Watch the Indian Bullfrog mate in the rainy season


As the monsoon arrives, our appetite for pakodas becomes insatiable. So it is for the animals around us, except that they are blessed with a far more diverse menu than ours.

Frenzied mating and a voracious appetite come together to ensure the survival and procreation of the amphibian we’re going to talk about today. At any other time during the year, the Indian Bullfrog (Hoplobatrachus tigerinus) roam alone and have a varied dull olive green-brown appearance, camouflaging well with their immediate surroundings.

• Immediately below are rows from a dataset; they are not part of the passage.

(* Let $\Omega\subset\mathbb{C}$ be a simply connected open set with conformal coordinate $z=x+iy$, let $N:\Omega\to\mathbb{S}^2\subset\mathbb{R}^3$ be a smooth harmonic map, and let $f:\Omega\to\mathbb{R}^3$ be a spherical frontal associated to $N$, i.e. a smooth map with $f_x=N\times N_y$ and $f_y=-N\times N_x$. Let $p\in\Omega$. Then $f$ is a wave front near $p$ if and only if $\operatorname{rank}(dN)_p\neq 0$.
   Context: A smooth map $N:\Omega\to\mathbb{S}^2$ is harmonic iff $N\times(N_{xx}+N_{yy})=0$; this is the integrability condition for $f_x=N\times N_y,\ f_y=-N\times N_x$, so such $f$ exists and is unique up to translation. A map $h:M\to\mathbb{R}^3$ from a surface is a frontal if there is a smooth $\mathcal{N}:M\to\mathbb{S}^2$ with $dh$ orthogonal to $\mathcal{N}$; it is a wave front (front) if the Legendrian lift $(h,\mathcal{N}):M\to\mathbb{R}^3\times\mathbb{S}^2$ is an immersion. For the spherical frontal $f$ the relevant lift is $(f,N)$. *)

theory Defs
  imports "HOL-Analysis.Analysis"
begin

definition pdx :: "(complex \<Rightarrow> 'a::real_normed_vector) \<Rightarrow> complex \<Rightarrow> 'a" where
  "pdx F z = frechet_derivative F (at z) 1"

definition pdy :: "(complex \<Rightarrow> 'a::real_normed_vector) \<Rightarrow> complex \<Rightarrow> 'a" where
  "pdy F z = frechet_derivative F (at z) \<i>"

fun Ck_on :: "nat \<Rightarrow> complex set \<Rightarrow> (complex \<Rightarrow> 'a::real_normed_vector) \<Rightarrow> bool" where
  "Ck_on 0 S F = continuous_on S F"
| "Ck_on (Suc k) S F = (F differentiable_on S \<and> continuous_on S F
      \<and> Ck_on k S (pdx F) \<and> Ck_on k S (pdy F))"

definition smooth_on :: "complex set \<Rightarrow> (complex \<Rightarrow> 'a::real_normed_vector) \<Rightarrow> bool" where
  "smooth_on S F = (\<forall>k. Ck_on k S F)"

definition harmonic_sphere_map :: "complex set \<Rightarrow> (complex \<Rightarrow> real^3) \<Rightarrow> bool" where
  "harmonic_sphere_map \<Omega> N =
     (smooth_on \<Omega> N \<and> (\<forall>z\<in>\<Omega>. norm (N z) = 1)
      \<and> (\<forall>z\<in>\<Omega>. cross3 (N z) (pdx (pdx N) z + pdy (pdy N) z) = 0))"

definition spherical_frontal :: "complex set \<Rightarrow> (complex \<Rightarrow> real^3) \<Rightarrow> (complex \<Rightarrow> real^3) \<Rightarrow> bool" where
  "spherical_frontal \<Omega> N f =
     (smooth_on \<Omega> f \<and> (\<forall>z\<in>\<Omega>. pdx f z = cross3 (N z) (pdy N z)
                                \<and> pdy f z = - cross3 (N z) (pdx N z)))"

definition frontal_on :: "complex set \<Rightarrow> (complex \<Rightarrow> real^3) \<Rightarrow> (complex \<Rightarrow> real^3) \<Rightarrow> bool" where
  "frontal_on U h N =
     (\<forall>q\<in>U. norm (N q) = 1 \<and> (\<forall>v. frechet_derivative h (at q) v \<bullet> N q = 0))"

definition wave_front_on :: "complex set \<Rightarrow> (complex \<Rightarrow> real^3) \<Rightarrow> (complex \<Rightarrow> real^3) \<Rightarrow> bool" where
  "wave_front_on U h N =
     (frontal_on U h N \<and>
      (\<forall>q\<in>U. (\<lambda>z. (h z, N z)) differentiable (at q)
             \<and> inj (frechet_derivative (\<lambda>z. (h z, N z)) (at q))))"

definition wave_front_near :: "complex set \<Rightarrow> (complex \<Rightarrow> real^3) \<Rightarrow> (complex \<Rightarrow> real^3) \<Rightarrow> complex \<Rightarrow> bool" where
  "wave_front_near \<Omega> h N p = (\<exists>U. open U \<and> p \<in> U \<and> U \<subseteq> \<Omega> \<and> wave_front_on U h N)"

end

theory Submission
  imports Defs
begin

text \<open>
  Write v = a + i b and N_x, N_y for the partial derivatives of N at q, so dN v = a N_x + b N_y.
  The frontal equations give df v = N \<times> (a N_y - b N_x), which is orthogonal to N, so f is a
  frontal with normal N. If dN vanishes at p, so does the differential of the lift (f, N).
  Otherwise, since N_x and N_y are tangent to the sphere, a kernel vector of d(f, N) satisfies
  a N_y = b N_x and a N_x + b N_y = 0, whence (a^2 + b^2) N_x = (a^2 + b^2) N_y = 0 and v = 0.
  The condition dN \<noteq> 0 is open because N is C^2.
\<close>

lemma frechet_derivative_complex_eq:
  assumes "F differentiable (at z)"
  shows "frechet_derivative F (at z) v = Re v *\<^sub>R pdx F z + Im v *\<^sub>R pdy F z"
proof -
  have lin: "linear (frechet_derivative F (at z))"
    using assms frechet_derivative_works has_derivative_linear by blast
  have "v = Re v *\<^sub>R 1 + Im v *\<^sub>R \<i>"
    by (simp add: complex_eq_iff)
  then have "frechet_derivative F (at z) v = frechet_derivative F (at z) (Re v *\<^sub>R 1 + Im v *\<^sub>R \<i>)"
    by simp
  also have "\<dots> = Re v *\<^sub>R pdx F z + Im v *\<^sub>R pdy F z"
    using lin unfolding pdx_def pdy_def by (simp add: linear_add linear_scale)
  finally show ?thesis .
qed

lemma dim_range_frechet_derivative_complex_eq_0_iff:
  fixes F :: "complex \<Rightarrow> 'a::euclidean_space"
  assumes "F differentiable (at z)"
  shows "dim (range (frechet_derivative F (at z))) = 0 \<longleftrightarrow> pdx F z = 0 \<and> pdy F z = 0"
proof -
  have "dim (range (frechet_derivative F (at z))) = 0 \<longleftrightarrow> (\<forall>v. frechet_derivative F (at z) v = 0)"
    by (auto simp: image_subset_iff)
  also have "\<dots> \<longleftrightarrow> pdx F z = 0 \<and> pdy F z = 0"
  proof
    assume "\<forall>v. frechet_derivative F (at z) v = 0"
    then show "pdx F z = 0 \<and> pdy F z = 0"
      unfolding pdx_def pdy_def by blast
  qed (simp add: frechet_derivative_complex_eq[OF assms])
  finally show ?thesis .
qed

lemma unit_sphere_derivative_orthogonal:
  fixes N :: "'a::real_normed_vector \<Rightarrow> 'b::real_inner"
  assumes "open S" "q \<in> S" "\<forall>z\<in>S. norm (N z) = 1" "N differentiable (at q)"
  shows "N q \<bullet> frechet_derivative N (at q) v = 0"
proof -
  let ?N' = "frechet_derivative N (at q)"
  have "(N has_derivative ?N') (at q)"
    using assms(4) frechet_derivative_works by blast
  then have "((\<lambda>z. N z \<bullet> N z) has_derivative (\<lambda>v. N q \<bullet> ?N' v + ?N' v \<bullet> N q)) (at q)"
    using has_derivative_inner by blast
  moreover have "((\<lambda>z. N z \<bullet> N z) has_derivative (\<lambda>v. 0)) (at q)"
  proof (rule has_derivative_transform_within_open[OF _ assms(1,2)])
    show "((\<lambda>z. 1::real) has_derivative (\<lambda>v. 0)) (at q)" by simp
    show "\<And>x. x \<in> S \<Longrightarrow> 1 = N x \<bullet> N x" using assms(3) norm_eq_1 by metis
  qed
  ultimately have "(\<lambda>v. N q \<bullet> ?N' v + ?N' v \<bullet> N q) = (\<lambda>v. 0)"
    using has_derivative_unique by blast
  then show ?thesis
    by (metis inner_commute mult_2 mult_eq_0_iff zero_neq_numeral)
qed

lemma cross3_unit_orthogonal_eq_0:
  fixes n y :: "real^3"
  assumes "norm n = 1" "n \<bullet> y = 0" "cross3 n y = 0"
  shows "y = 0"
  using norm_cross_dot[of n y] assms by simp

lemma cross3_lift_kernel_trivial:
  fixes n u w :: "real^3" and a b :: real
  assumes "norm n = 1" "n \<bullet> u = 0" "n \<bullet> w = 0" "u \<noteq> 0 \<or> w \<noteq> 0"
    and cross_eq: "a *\<^sub>R cross3 n w - b *\<^sub>R cross3 n u = 0"
    and tangent_eq: "a *\<^sub>R u + b *\<^sub>R w = 0"
  shows "a = 0 \<and> b = 0"
proof -
  have "cross3 n (a *\<^sub>R w - b *\<^sub>R u) = 0"
    using cross_eq by (simp add: Cross3.right_diff_distrib cross_mult_right)
  moreover have "n \<bullet> (a *\<^sub>R w - b *\<^sub>R u) = 0"
    using assms(2,3) by (simp add: inner_diff_right)
  ultimately have rot_eq: "a *\<^sub>R w - b *\<^sub>R u = 0"
    using cross3_unit_orthogonal_eq_0 assms(1) by blast
  have "(a*a + b*b) *\<^sub>R u = a *\<^sub>R (a *\<^sub>R u + b *\<^sub>R w) - b *\<^sub>R (a *\<^sub>R w - b *\<^sub>R u)"
    and "(a*a + b*b) *\<^sub>R w = b *\<^sub>R (a *\<^sub>R u + b *\<^sub>R w) + a *\<^sub>R (a *\<^sub>R w - b *\<^sub>R u)"
    by (simp_all add: algebra_simps)
  then have "(a*a + b*b) *\<^sub>R u = 0" "(a*a + b*b) *\<^sub>R w = 0"
    using rot_eq tangent_eq by simp_all
  then have "a*a + b*b = 0"
    using assms(4) by auto
  then show ?thesis
    by (auto simp: add_nonneg_eq_0_iff)
qed

lemma spherical_lift_derivative:
  assumes "f differentiable (at q)" "N differentiable (at q)"
    and "pdx f q = cross3 (N q) (pdy N q)" "pdy f q = - cross3 (N q) (pdx N q)"
  shows "frechet_derivative (\<lambda>z. (f z, N z)) (at q) =
    (\<lambda>v. (Re v *\<^sub>R cross3 (N q) (pdy N q) - Im v *\<^sub>R cross3 (N q) (pdx N q),
          Re v *\<^sub>R pdx N q + Im v *\<^sub>R pdy N q))"
proof -
  have "((\<lambda>z. (f z, N z)) has_derivative
      (\<lambda>v. (frechet_derivative f (at q) v, frechet_derivative N (at q) v))) (at q)"
    using assms(1,2) frechet_derivative_works has_derivative_Pair by blast
  then have "frechet_derivative (\<lambda>z. (f z, N z)) (at q) =
      (\<lambda>v. (frechet_derivative f (at q) v, frechet_derivative N (at q) v))"
    by (rule frechet_derivative_at[symmetric])
  then show ?thesis
    by (simp add: frechet_derivative_complex_eq[OF assms(1)] frechet_derivative_complex_eq[OF assms(2)]
      assms(3,4))
qed

lemma spherical_lift_inj_iff:
  fixes f N :: "complex \<Rightarrow> real^3"
  assumes "f differentiable (at q)" "N differentiable (at q)"
    and "pdx f q = cross3 (N q) (pdy N q)" "pdy f q = - cross3 (N q) (pdx N q)"
    and "norm (N q) = 1" "N q \<bullet> pdx N q = 0" "N q \<bullet> pdy N q = 0"
  shows "inj (frechet_derivative (\<lambda>z. (f z, N z)) (at q)) \<longleftrightarrow> pdx N q \<noteq> 0 \<or> pdy N q \<noteq> 0"
proof
  assume "inj (frechet_derivative (\<lambda>z. (f z, N z)) (at q))"
  then show "pdx N q \<noteq> 0 \<or> pdy N q \<noteq> 0"
  proof (rule contrapos_pp)
    assume "\<not> (pdx N q \<noteq> 0 \<or> pdy N q \<noteq> 0)"
    then have "frechet_derivative (\<lambda>z. (f z, N z)) (at q) 1 = frechet_derivative (\<lambda>z. (f z, N z)) (at q) 0"
      unfolding spherical_lift_derivative[OF assms(1-4)] by simp
    then show "\<not> inj (frechet_derivative (\<lambda>z. (f z, N z)) (at q))"
      by (meson injD one_neq_zero)
  qed
next
  assume nonzero: "pdx N q \<noteq> 0 \<or> pdy N q \<noteq> 0"
  have "((\<lambda>z. (f z, N z)) has_derivative frechet_derivative (\<lambda>z. (f z, N z)) (at q)) (at q)"
    using assms(1,2) differentiable_Pair frechet_derivative_works by blast
  then have "linear (frechet_derivative (\<lambda>z. (f z, N z)) (at q))"
    using has_derivative_linear by blast
  moreover have "v = 0" if "frechet_derivative (\<lambda>z. (f z, N z)) (at q) v = 0" for v
  proof -
    have "Re v *\<^sub>R cross3 (N q) (pdy N q) - Im v *\<^sub>R cross3 (N q) (pdx N q) = 0"
      and "Re v *\<^sub>R pdx N q + Im v *\<^sub>R pdy N q = 0"
      using that unfolding spherical_lift_derivative[OF assms(1-4)] by (simp_all add: zero_prod_def)
    then have "Re v = 0 \<and> Im v = 0"
      by (rule cross3_lift_kernel_trivial[OF assms(5-7) nonzero])
    then show ?thesis by (simp add: complex_eq_iff)
  qed
  ultimately show "inj (frechet_derivative (\<lambda>z. (f z, N z)) (at q))"
    using linear_injective_0 by blast
qed

lemma smooth_on_differentiable_at:
  assumes "smooth_on S F" "open S" "q \<in> S"
  shows "F differentiable (at q)"
proof -
  have "Ck_on (Suc 0) S F"
    using assms(1) unfolding smooth_on_def by blast
  then show ?thesis
    using assms(2,3) differentiable_on_eq_differentiable_at by auto
qed

lemma smooth_on_continuous_partials:
  assumes "smooth_on S F"
  shows "continuous_on S (pdx F)" "continuous_on S (pdy F)"
proof -
  have "Ck_on (Suc (Suc 0)) S F"
    using assms unfolding smooth_on_def by blast
  then show "continuous_on S (pdx F)" "continuous_on S (pdy F)"
    by auto
qed

lemma open_nonvanishing_partials:
  assumes "open S" "continuous_on S (pdx F)" "continuous_on S (pdy F)"
  shows "open {q \<in> S. pdx F q \<noteq> 0 \<or> pdy F q \<noteq> 0}"
proof -
  have "{q \<in> S. pdx F q \<noteq> 0 \<or> pdy F q \<noteq> 0} = (S \<inter> pdx F -` (-{0})) \<union> (S \<inter> pdy F -` (-{0}))"
    by auto
  then show ?thesis
    using continuous_open_preimage[OF assms(2,1), of "-{0}"] continuous_open_preimage[OF assms(3,1), of "-{0}"]
    by (simp add: open_Un open_Compl)
qed

lemma spherical_frontal_frontal_on:
  assumes "open \<Omega>" "harmonic_sphere_map \<Omega> N" "spherical_frontal \<Omega> N f"
  shows "frontal_on \<Omega> f N"
  unfolding frontal_on_def
proof (intro ballI conjI allI)
  fix q v assume "q \<in> \<Omega>"
  with assms show "norm (N q) = 1"
    unfolding harmonic_sphere_map_def by blast
  have df: "f differentiable (at q)"
    using assms \<open>q \<in> \<Omega>\<close> smooth_on_differentiable_at unfolding spherical_frontal_def by blast
  then show "frechet_derivative f (at q) v \<bullet> N q = 0"
    using assms(3) \<open>q \<in> \<Omega>\<close> unfolding frechet_derivative_complex_eq[OF df] spherical_frontal_def
    by (auto simp: inner_diff_left dot_cross_self)
qed

lemma spherical_frontal_lift_immersive_iff:
  assumes "open \<Omega>" "harmonic_sphere_map \<Omega> N" "spherical_frontal \<Omega> N f" "q \<in> \<Omega>"
  shows "(\<lambda>z. (f z, N z)) differentiable (at q) \<and> inj (frechet_derivative (\<lambda>z. (f z, N z)) (at q))
    \<longleftrightarrow> pdx N q \<noteq> 0 \<or> pdy N q \<noteq> 0"
proof -
  have unit: "\<forall>z\<in>\<Omega>. norm (N z) = 1" and "smooth_on \<Omega> N" "smooth_on \<Omega> f"
    using assms(2,3) unfolding harmonic_sphere_map_def spherical_frontal_def by auto
  then have dN: "N differentiable (at q)" and df: "f differentiable (at q)"
    using assms(1,4) smooth_on_differentiable_at by blast+
  have "N q \<bullet> pdx N q = 0" "N q \<bullet> pdy N q = 0"
    unfolding pdx_def pdy_def using unit_sphere_derivative_orthogonal[OF assms(1,4) unit dN] by auto
  then show ?thesis
    using spherical_lift_inj_iff[OF df dN] differentiable_Pair[OF df dN] assms(3,4) unit
    unfolding spherical_frontal_def by auto
qed

theorem proposition2p1:
  fixes \<Omega> :: "complex set" and N f :: "complex \<Rightarrow> real^3" and p :: complex
  assumes "open \<Omega>" and "simply_connected \<Omega>"
    and "harmonic_sphere_map \<Omega> N"
    and "spherical_frontal \<Omega> N f"
    and "p \<in> \<Omega>"
  shows "wave_front_near \<Omega> f N p \<longleftrightarrow> dim (range (frechet_derivative N (at p))) \<noteq> 0"
proof -
  have smooth: "smooth_on \<Omega> N"
    using assms(3) unfolding harmonic_sphere_map_def by blast
  have dim_iff: "dim (range (frechet_derivative N (at p))) \<noteq> 0 \<longleftrightarrow> pdx N p \<noteq> 0 \<or> pdy N p \<noteq> 0"
    using dim_range_frechet_derivative_complex_eq_0_iff[OF smooth_on_differentiable_at[OF smooth assms(1,5)]]
    by auto
  define U where "U = {q \<in> \<Omega>. pdx N q \<noteq> 0 \<or> pdy N q \<noteq> 0}"
  have "open U"
    unfolding U_def using open_nonvanishing_partials[OF assms(1) smooth_on_continuous_partials[OF smooth]] .
  moreover have "wave_front_on U f N"
    using spherical_frontal_frontal_on[OF assms(1,3,4)]
      spherical_frontal_lift_immersive_iff[OF assms(1,3,4)]
    unfolding wave_front_on_def frontal_on_def U_def by auto
  ultimately have "p \<in> U \<Longrightarrow> wave_front_near \<Omega> f N p"
    unfolding wave_front_near_def U_def by blast
  moreover have "wave_front_near \<Omega> f N p \<Longrightarrow> p \<in> U"
    using spherical_frontal_lift_immersive_iff[OF assms(1,3,4,5)] assms(5)
    unfolding wave_front_near_def wave_front_on_def U_def by blast
  ultimately show ?thesis
    using dim_iff assms(5) unfolding U_def by blast
qed

end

When the rain comes down, their breeding season begins, and the males, now yellow, with two blue vocal sacs, set out in search of females, that are generally larger. If you find a big congregation of adults, with the yellow males on top of dull-looking females in and around water bodies around this time, you know what they’re upto.

Classified under the International Union for Conservation of Nature’s (IUCN) Least Concern category, it is one of the most familiar and abundant frogs of South and South-East Asia, and also the largest frog found in the Indian Subcontinent. They can be identified by the pointed snout and long hind limbs, which help them jump.

Being nocturnal and formidable ambush predators, they lie in wait for their unsuspecting prey to come closer before lunging and grabbing them with their mouths. At times they may swim or stealthily hop towards their prey in order to catch them by surprise. The powerful jaws and sharp teeth, efficient tongue-play, and fairly large hands allow them to grab, constrict and push its helpless meal inside the mouth bit by bit.

With a large appetite and complete lack of dietary preference, they are known to feed on almost anything, which includes a wide array of both vertebrates and invertebrates including insects, worms, snakes, rodents, fish. They often engage in cannibalism by feeding on smaller individuals of their own kind and on other frogs. Even their tadpoles have been observed to feed on smaller tadpoles of their own kind as well as on tadpoles of other frogs in the vicinity.

In the way of the Nature, they also are an important prey-base for several other creatures like birds, bigger snakes, and at times desperate carnivore mammals. Rat snakes for instance live in sewers and feed on the frogs that also inhabit the area.

The Indian Bullfrog’s loud croaking call, attracts the opposite sex, but also predators, especially in areas with freshwater bodies like ponds, marshes, and lakes, a habitat that they prefer. Their feet are nearly entirely webbed to help them adjust to the water and the vegetation surrounding it. When threatened, they can jump on the surface of the water, just like on land, despite being large in size.

Until late into my career as a naturalist, I had only heard this frog in videos posted online. Three years ago, around this time, I got an opportunity from WWF-India to work on a publication on the wetlands of Keoladeo National Park (formerly called Bharatpur Bird Sanctuary) in Rajasthan.

On a late evening recce, the silence of the park burst with an echoed repetitive call of a creature. Somehow, the call seemed urgent and not normal, more like a plea! On investigating further, I found an unfortunate bullfrog in the jaws of a big Indian Rat Snake near the reeds of the wetland.

On seeing me, the snake slowly wriggled across the periphery of the wetland and made it into the denser reeds. At first, the call became a little more desperate, slowly fading and disappearing completely thereafter.

At the once quaint DSOI Army club in Dhaula Kuan, where evenings revolved around the adults engaging in drinks and dinner, with the young people playing video games at the club arcade, I would stand around and watch the swimming pool. The faint memory of those frogs made me realise much later, that they were all Indian Bullfrogs.

Bullfrog legs are considered a delicacy and they are illegally hunted and served in several places across the country even though the species is protected under Schedule IV of the Wildlife Protection Act of India, 1971. It is the most hunted frog across the country and the forest department works diligently towards any leads to try and curb its consumption.

Their opportunistic feeding behaviour, prolific breeding (with large egg clutches) and adaptability makes them invasive in nature, where they tend to overpower other native species, a problem frogs native to Andamans are facing at present. The species was also introduced in Madagascar and the situation follows the same course.

Areas like Sanjay Van and Lodhi Garden are presently homing a large number of breeding Indian Bullfrogs.

The writer is the founder of NINOX – Owl About Nature, a nature-awareness initiative. He is the Delhi-NCR reviewer for Ebird, a Cornell University initiative, monitoring rare sightings of birds. He formerly led a programme of WWF India.